# Provided records
lemma size_level_cover_le:
  assumes "0 < M"
  shows "real (size (level_cover d N p M))
           \<le> real ((d + 1) * p * (p + 1)) / (2 * real M) * real N + real ((d + 1) * p)"
proof -
  have floor_le: "real (j * N div M) \<le> real j * real N / real M" for j
    using assms by (simp add: pos_le_divide_eq)
      (metis of_nat_le_iff of_nat_mult times_div_less_eq_dividend mult.commute)
  have gauss: "(\<Sum>j\<in>{1..q}. real j) = real q * (real q + 1) / 2" for q :: nat
    by (induction q) (auto simp: field_simps)
  have "real (size (level_cover d N p M)) = (\<Sum>i\<le>d. \<Sum>j\<in>{1..p}. real (j * N div M) + 1)"
    unfolding level_cover_def by (simp add: card_SigmaI add.commute algebra_simps)
  also have "\<dots> \<le> (\<Sum>i\<le>d. \<Sum>j\<in>{1..p}. real j * real N / real M + 1)"
    by (intro sum_mono add_right_mono floor_le)
  also have "\<dots> = real (d + 1) * ((\<Sum>j\<in>{1..p}. real j) * real N / real M + real p)"
    by (simp add: sum.distrib sum_divide_distrib[symmetric] sum_distrib_right[symmetric])
  also have "\<dots> = real ((d + 1) * p * (p + 1)) / (2 * real M) * real N + real ((d + 1) * p)"
    unfolding gauss by (simp add: field_simps)
  finally show ?thesis .
qed

lemma f_le_size:
  assumes "k_cover n d k M"
  shows "f n d k \<le> size M"
  unfolding f_def by (rule Least_le) (use assms in blast)

lemma f_le_linear:
  assumes "1 \<le> d" and "1 \<le> n" and "k \<le> (d + 1) * p"
  shows "real (f n d k)
           \<le> real ((d + 1) * p * (p + 1)) / (2 * real ((d + 1) * p - k + 1)) * real n
             + real ((d + 1) * p)"
proof -
  let ?M = "(d + 1) * p - k + 1"
  have "real (f n d k) \<le> real (size (level_cover d (n - 1) p ?M))"
    using f_le_size[OF k_cover_level_cover[OF assms(1,3)]] by simp
  also have "\<dots> \<le> real ((d + 1) * p * (p + 1)) / (2 * real ?M) * real (n - 1) + real ((d + 1) * p)"
    by (rule size_level_cover_le) simp
  also have "\<dots> \<le> real ((d + 1) * p * (p + 1)) / (2 * real ?M) * real n + real ((d + 1) * p)"
    by (intro add_right_mono mult_left_mono) auto
  finally show ?thesis .
qed

lemma C_odd_eq_slope:
  assumes "odd d" and "1 \<le> k"
  shows "\<exists>p. k \<le> (d + 1) * p \<and>
           C d k = real ((d + 1) * p * (p + 1)) / (2 * real ((d + 1) * p - k + 1))"
proof -
  define m q r where "m = (d + 1) div 2" and "q = (k - 1) div m" and "r = (k - 1) mod m + 1"
  have d_eq: "d + 1 = 2 * m" using assms(1) m_def by auto
  have k_eq: "k = m * q + r" unfolding q_def r_def using assms(2) div_mult_mod_eq[of "k - 1" m]
    by (simp add: mult.commute)
  have "r \<le> m" unfolding r_def using d_eq by (auto simp: Suc_le_eq)
  then have k_le: "k \<le> (d + 1) * (q + 1)" using k_eq d_eq by (simp add: algebra_simps)
  have M_eq: "real ((d + 1) * (q + 1) - k + 1) = real m * (real q + 2) - (real r - 1)"
    using k_eq \<open>r \<le> m\<close> d_eq k_le by (simp add: of_nat_diff algebra_simps)
  then have "real m * (real q + 2) - (real r - 1) > 0" by linarith
  have "C d k = (real q + 1) * (1 + (real r - 1) / (real (d + 1) * (real q + 2) / 2 - (real r - 1)))"
    unfolding C_def using assms(1) m_def q_def r_def by (simp add: Let_def)
  also have "\<dots> = real ((d + 1) * (q + 1) * (q + 1 + 1)) / (2 * real ((d + 1) * (q + 1) - k + 1))"
    unfolding M_eq using \<open>_ > 0\<close> d_eq by (simp add: field_simps)
  finally show ?thesis using k_le by blast
qed

lemma C_even_eq_slope:
  assumes "even d" and "1 \<le> k"
  shows "\<exists>p. k \<le> (d + 1) * p \<and>
           C d k = real ((d + 1) * p * (p + 1)) / (2 * real ((d + 1) * p - k + 1))"
proof -
  define D q r where "D = d + 1" and "q = (k - 1) div D" and "r = (k - 1) mod D + 1"
  have k_eq: "k = D * q + r" unfolding q_def r_def using assms(2) div_mult_mod_eq[of "k - 1" D]
    by (simp add: mult.commute)
  have "r \<le> D" unfolding r_def D_def by (auto simp: Suc_le_eq)
  show ?thesis
  proof (cases "r \<le> d div 2 + 1")
    case True
    have k_le: "k \<le> (d + 1) * (2 * q + 1)" using k_eq \<open>r \<le> D\<close> D_def by (simp add: algebra_simps)
    have M_eq: "real ((d + 1) * (2 * q + 1) - k + 1) = real D * (real q + 1) - (real r - 1)"
      using k_eq \<open>r \<le> D\<close> D_def k_le by (simp add: of_nat_diff algebra_simps)
    then have "real D * (real q + 1) - (real r - 1) > 0" by linarith
    have "C d k = (2 * real q + 1) * (1 + (real r - 1) / (real (d + 1) * (real q + 1) - (real r - 1)))"
      unfolding C_def using assms(1) True D_def q_def r_def by (simp add: Let_def)
    also have "\<dots> = real ((d + 1) * (2 * q + 1) * (2 * q + 1 + 1))
                     / (2 * real ((d + 1) * (2 * q + 1) - k + 1))"
      unfolding M_eq using \<open>_ > 0\<close> D_def by (simp add: field_simps)
    finally show ?thesis using k_le by blast
  next
    case False
    have k_le: "k \<le> (d + 1) * (2 * q + 2)" using k_eq \<open>r \<le> D\<close> D_def by (simp add: algebra_simps)
    have M_eq: "real ((d + 1) * (2 * q + 2) - k + 1) = real D * (real q + 1) + (real d + 2 - real r)"
      using k_eq \<open>r \<le> D\<close> D_def k_le by (simp add: of_nat_diff algebra_simps)
    then have "real D * (real q + 1) + (real d + 2 - real r) > 0" by linarith
    have "C d k = (2 * real q + 3)
                  * (1 - (real d + 2 - real r) / (real (d + 1) * (real q + 1) + (real d + 2 - real r)))"
      unfolding C_def using assms(1) False D_def q_def r_def by (simp add: Let_def)
    also have "\<dots> = real ((d + 1) * (2 * q + 2) * (2 * q + 2 + 1))
                     / (2 * real ((d + 1) * (2 * q + 2) - k + 1))"
      unfolding M_eq using \<open>_ > 0\<close> D_def by (simp add: field_simps)
    finally show ?thesis using k_le by blast
  qed
qed

theorem mainTheorem10:
  fixes d k :: nat
  assumes "1 \<le> d" and "1 \<le> k"
  shows "\<exists>K::real. \<forall>n::nat. 1 \<le> n \<longrightarrow> real (f n d k) \<le> C d k * real n + K"
proof -
  obtain p where k_le: "k \<le> (d + 1) * p"
    and C_eq: "C d k = real ((d + 1) * p * (p + 1)) / (2 * real ((d + 1) * p - k + 1))"
    using C_odd_eq_slope C_even_eq_slope assms(2) by blast
  have "\<forall>n. 1 \<le> n \<longrightarrow> real (f n d k) \<le> C d k * real n + real ((d + 1) * p)"
    using f_le_linear[OF assms(1) _ k_le] unfolding C_eq by blast
  then show ?thesis by blast
qed

end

# Instructions to follow
The entire listing has to be written out again exactly.

# Exercise output
lemma size_level_cover_le:
  assumes "0 < M"
  shows "real (size (level_cover d N p M))
           \<le> real ((d + 1) * p * (p + 1)) / (2 * real M) * real N + real ((d + 1) * p)"
proof -
  have floor_le: "real (j * N div M) \<le> real j * real N / real M" for j
    using assms by (simp add: pos_le_divide_eq)
      (metis of_nat_le_iff of_nat_mult times_div_less_eq_dividend mult.commute)
  have gauss: "(\<Sum>j\<in>{1..q}. real j) = real q * (real q + 1) / 2" for q :: nat
    by (induction q) (auto simp: field_simps)
  have "real (size (level_cover d N p M)) = (\<Sum>i\<le>d. \<Sum>j\<in>{1..p}. real (j * N div M) + 1)"
    unfolding level_cover_def by (simp add: card_SigmaI add.commute algebra_simps)
  also have "\<dots> \<le> (\<Sum>i\<le>d. \<Sum>j\<in>{1..p}. real j * real N / real M + 1)"
    by (intro sum_mono add_right_mono floor_le)
  also have "\<dots> = real (d + 1) * ((\<Sum>j\<in>{1..p}. real j) * real N / real M + real p)"
    by (simp add: sum.distrib sum_divide_distrib[symmetric] sum_distrib_right[symmetric])
  also have "\<dots> = real ((d + 1) * p * (p + 1)) / (2 * real M) * real N + real ((d + 1) * p)"
    unfolding gauss by (simp add: field_simps)
  finally show ?thesis .
qed

lemma f_le_size:
  assumes "k_cover n d k M"
  shows "f n d k \<le> size M"
  unfolding f_def by (rule Least_le) (use assms in blast)

lemma f_le_linear:
  assumes "1 \<le> d" and "1 \<le> n" and "k \<le> (d + 1) * p"
  shows "real (f n d k)
           \<le> real ((d + 1) * p * (p + 1)) / (2 * real ((d + 1) * p - k + 1)) * real n
             + real ((d + 1) * p)"
proof -
  let ?M = "(d + 1) * p - k + 1"
  have "real (f n d k) \<le> real (size (level_cover d (n - 1) p ?M))"
    using f_le_size[OF k_cover_level_cover[OF assms(1,3)]] by simp
  also have "\<dots> \<le> real ((d + 1) * p * (p + 1)) / (2 * real ?M) * real (n - 1) + real ((d + 1) * p)"
    by (rule size_level_cover_le) simp
  also have "\<dots> \<le> real ((d + 1) * p * (p + 1)) / (2 * real ?M) * real n + real ((d + 1) * p)"
    by (intro add_right_mono mult_left_mono) auto
  finally show ?thesis .
qed

lemma C_odd_eq_slope:
  assumes "odd d" and "1 \<le> k"
  shows "\<exists>p. k \<le> (d + 1) * p \<and>
           C d k = real ((d + 1) * p * (p + 1)) / (2 * real ((d + 1) * p - k + 1))"
proof -
  define m q r where "m = (d + 1) div 2" and "q = (k - 1) div m" and "r = (k - 1) mod m + 1"
  have d_eq: "d + 1 = 2 * m" using assms(1) m_def by auto
  have k_eq: "k = m * q + r" unfolding q_def r_def using assms(2) div_mult_mod_eq[of "k - 1" m]
    by (simp add: mult.commute)
  have "r \<le> m" unfolding r_def using d_eq by (auto simp: Suc_le_eq)
  then have k_le: "k \<le> (d + 1) * (q + 1)" using k_eq d_eq by (simp add: algebra_simps)
  have M_eq: "real ((d + 1) * (q + 1) - k + 1) = real m * (real q + 2) - (real r - 1)"
    using k_eq \<open>r \<le> m\<close> d_eq k_le by (simp add: of_nat_diff algebra_simps)
  then have "real m * (real q + 2) - (real r - 1) > 0" by linarith
  have "C d k = (real q + 1) * (1 + (real r - 1) / (real (d + 1) * (real q + 2) / 2 - (real r - 1)))"
    unfolding C_def using assms(1) m_def q_def r_def by (simp add: Let_def)
  also have "\<dots> = real ((d + 1) * (q + 1) * (q + 1 + 1)) / (2 * real ((d + 1) * (q + 1) - k + 1))"
    unfolding M_eq using \<open>_ > 0\<close> d_eq by (simp add: field_simps)
  finally show ?thesis using k_le by blast
qed

lemma C_even_eq_slope:
  assumes "even d" and "1 \<le> k"
  shows "\<exists>p. k \<le> (d + 1) * p \<and>
           C d k = real ((d + 1) * p * (p + 1)) / (2 * real ((d + 1) * p - k + 1))"
proof -
  define D q r where "D = d + 1" and "q = (k - 1) div D" and "r = (k - 1) mod D + 1"
  have k_eq: "k = D * q + r" unfolding q_def r_def using assms(2) div_mult_mod_eq[of "k - 1" D]
    by (simp add: mult.commute)
  have "r \<le> D" unfolding r_def D_def by (auto simp: Suc_le_eq)
  show ?thesis
  proof (cases "r \<le> d div 2 + 1")
    case True
    have k_le: "k \<le> (d + 1) * (2 * q + 1)" using k_eq \<open>r \<le> D\<close> D_def by (simp add: algebra_simps)
    have M_eq: "real ((d + 1) * (2 * q + 1) - k + 1) = real D * (real q + 1) - (real r - 1)"
      using k_eq \<open>r \<le> D\<close> D_def k_le by (simp add: of_nat_diff algebra_simps)
    then have "real D * (real q + 1) - (real r - 1) > 0" by linarith
    have "C d k = (2 * real q + 1) * (1 + (real r - 1) / (real (d + 1) * (real q + 1) - (real r - 1)))"
      unfolding C_def using assms(1) True D_def q_def r_def by (simp add: Let_def)
    also have "\<dots> = real ((d + 1) * (2 * q + 1) * (2 * q + 1 + 1))
                     / (2 * real ((d + 1) * (2 * q + 1) - k + 1))"
      unfolding M_eq using \<open>_ > 0\<close> D_def by (simp add: field_simps)
    finally show ?thesis using k_le by blast
  next
    case False
    have k_le: "k \<le> (d + 1) * (2 * q + 2)" using k_eq \<open>r \<le> D\<close> D_def by (simp add: algebra_simps)
    have M_eq: "real ((d + 1) * (2 * q + 2) - k + 1) = real D * (real q + 1) + (real d + 2 - real r)"
      using k_eq \<open>r \<le> D\<close> D_def k_le by (simp add: of_nat_diff algebra_simps)
    then have "real D * (real q + 1) + (real d + 2 - real r) > 0" by linarith
    have "C d k = (2 * real q + 3)
                  * (1 - (real d + 2 - real r) / (real (d + 1) * (real q + 1) + (real d + 2 - real r)))"
      unfolding C_def using assms(1) False D_def q_def r_def by (simp add: Let_def)
    also have "\<dots> = real ((d + 1) * (2 * q + 2) * (2 * q + 2 + 1))
                     / (2 * real ((d + 1) * (2 * q + 2) - k + 1))"
      unfolding M_eq using \<open>_ > 0\<close> D_def by (simp add: field_simps)
    finally show ?thesis using k_le by blast
  qed
qed

theorem mainTheorem10:
  fixes d k :: nat
  assumes "1 \<le> d" and "1 \<le> k"
  shows "\<exists>K::real. \<forall>n::nat. 1 \<le> n \<longrightarrow> real (f n d k) \<le> C d k * real n + K"
proof -
  obtain p where k_le: "k \<le> (d + 1) * p"
    and C_eq: "C d k = real ((d + 1) * p * (p + 1)) / (2 * real ((d + 1) * p - k + 1))"
    using C_odd_eq_slope C_even_eq_slope assms(2) by blast
  have "\<forall>n. 1 \<le> n \<longrightarrow> real (f n d k) \<le> C d k * real n + real ((d + 1) * p)"
    using f_le_linear[OF assms(1) _ k_le] unfolding C_eq by blast
  then show ?thesis by blast
qed

end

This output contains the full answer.